**WHAT NEEDS TO BE DONE:** Please output exactly the part of the records below that opens with the line containing "using ij by auto" and closes with the line containing "using that swap_accept_outside_Aset", both lines included, and nothing else.

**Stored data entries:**
BEGIN

lemma nn_integral_swap_proposal:
  fixes \<pi> :: "'a::euclidean_space \<Rightarrow> real" and \<mu> :: "nat \<Rightarrow> 'a" and c :: real
  assumes Z: "Z \<in> borel \<rightarrow>\<^sub>M count_space UNIV" "finite (range Z)"
    and \<pi>: "\<pi> \<in> borel_measurable borel"
    and ij: "i \<le> n" "j \<le> n" "i \<noteq> j" and \<beta>: "\<beta> i > 0" "\<beta> j > 0"
    and f: "f \<in> borel_measurable (PiM {..n} (\<lambda>_. lborel))"
  defines "s \<equiv> \<lambda>x. ennreal (tempered_density \<pi> \<beta> n x / c * swap_accept \<pi> Z \<mu> \<beta> i j x)"
  shows "(\<integral>\<^sup>+ x. s x * f (swap_proposal Z \<mu> \<beta> i j x) \<partial>PiM {..n} (\<lambda>_. lborel))
           = (\<integral>\<^sup>+ x. s x * f x \<partial>PiM {..n} (\<lambda>_. lborel))"
proof -
  let ?P = "PiM {..n} (\<lambda>_. lborel :: 'a measure)"
  let ?Aij = "Aset Z \<mu> (\<beta> i) (\<beta> j)" and ?Aji = "Aset Z \<mu> (\<beta> j) (\<beta> i)"
  define L where "L = (\<lambda>(k, l) x.
    x(j := gmap (\<beta> i) (\<beta> j) (\<mu> k) (x i), i := gmap (\<beta> j) (\<beta> i) (\<mu> l) (x j)))"
  define S where "S = (\<lambda>(k, l).
    {x \<in> space ?P. Z (x i) = k \<and> Z (x j) = l \<and> x i \<in> ?Aij \<and> x j \<in> ?Aji})"
  note [measurable] = Z(1) \<pi> sets_Aset[OF Z(1)]
  have ij_mem: "i \<in> {..n}" "j \<in> {..n}" using ij by auto
  have L_meas: "L kl \<in> ?P \<rightarrow>\<^sub>M ?P" for kl
    using ij_mem unfolding L_def by (cases kl) (simp add: measurable_fun_upd2)
  show ?thesis
  proof (rule nn_integral_piecewise_involution
      [where I="range Z \<times> range Z" and L=L and \<sigma>=prod.swap and S=S])
    show "distr ?P ?P (L kl) = ?P" for kl
      using ij unfolding L_def by (cases kl) (simp add: distr_PiM_lborel_gmap_swap \<beta>)
    show "L (prod.swap kl) (L kl x) = x" for kl x
      using ij unfolding L_def by (cases kl) (simp add: gmap_inverse \<beta>)
    show "S kl \<in> sets ?P" for kl
      using ij_mem unfolding S_def by (cases kl) simp
    show "disjoint_family_on S (range Z \<times> range Z)"
      unfolding S_def disjoint_family_on_def by auto
    show "s \<in> borel_measurable ?P"
      using measurable_tempered_density[OF \<pi>] measurable_swap_accept[OF Z(1) \<pi> ij_mem]
      unfolding s_def by measurable
    show "s x = 0" if "x \<in> space ?P" "x \<notin> (\<Union>kl\<in>range Z \<times> range Z. S kl)" for x
      using that swap_accept_outside_Aset unfolding s_def S_def by fastforce
    show "swap_proposal Z \<mu> \<beta> i j x = L kl x \<and> L kl x \<in> S (prod.swap kl) \<and> s (L kl x) = s x"
      if "kl \<in> range Z \<times> range Z" "x \<in> S kl" for kl x
    proof -
      obtain k l where kl: "kl = (k, l)" by (cases kl)
      have x: "x \<in> space ?P" "Z (x i) = k" "Z (x j) = l" "x i \<in> ?Aij" "x j \<in> ?Aji"
        using that unfolding kl S_def by auto
      have T: "L kl x = swap_proposal Z \<mu> \<beta> i j x"
        using x unfolding kl L_def swap_proposal_def gtrans_def by simp
      have "swap_proposal Z \<mu> \<beta> i j x \<in> S (prod.swap kl)"
        using x ij measurable_space[OF measurable_swap_proposal[OF Z(1) ij_mem]]
          gtrans_in_Aset[OF \<beta> x(4)] gtrans_in_Aset[OF \<beta>(2,1) x(5)]
          Z_gtrans_Aset[OF x(4)] Z_gtrans_Aset[OF x(5)]
        unfolding S_def kl by (simp add: swap_proposal_def)
      moreover have "s (swap_proposal Z \<mu> \<beta> i j x) = s x"
        using tempered_density_mult_swap_accept_proposal[OF ij \<beta> x(4,5), of \<pi>]
        unfolding s_def by (simp add: field_simps)
      ultimately show ?thesis using T by simp
    qed
  qed (use L_meas f Z(2) in auto)
qed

END

**SOLUTION:**
  have ij_mem: "i \<in> {..n}" "j \<in> {..n}" using ij by auto
  have L_meas: "L kl \<in> ?P \<rightarrow>\<^sub>M ?P" for kl
    using ij_mem unfolding L_def by (cases kl) (simp add: measurable_fun_upd2)
  show ?thesis
  proof (rule nn_integral_piecewise_involution
      [where I="range Z \<times> range Z" and L=L and \<sigma>=prod.swap and S=S])
    show "distr ?P ?P (L kl) = ?P" for kl
      using ij unfolding L_def by (cases kl) (simp add: distr_PiM_lborel_gmap_swap \<beta>)
    show "L (prod.swap kl) (L kl x) = x" for kl x
      using ij unfolding L_def by (cases kl) (simp add: gmap_inverse \<beta>)
    show "S kl \<in> sets ?P" for kl
      using ij_mem unfolding S_def by (cases kl) simp
    show "disjoint_family_on S (range Z \<times> range Z)"
      unfolding S_def disjoint_family_on_def by auto
    show "s \<in> borel_measurable ?P"
      using measurable_tempered_density[OF \<pi>] measurable_swap_accept[OF Z(1) \<pi> ij_mem]
      unfolding s_def by measurable
    show "s x = 0" if "x \<in> space ?P" "x \<notin> (\<Union>kl\<in>range Z \<times> range Z. S kl)" for x
      using that swap_accept_outside_Aset unfolding s_def S_def by fastforce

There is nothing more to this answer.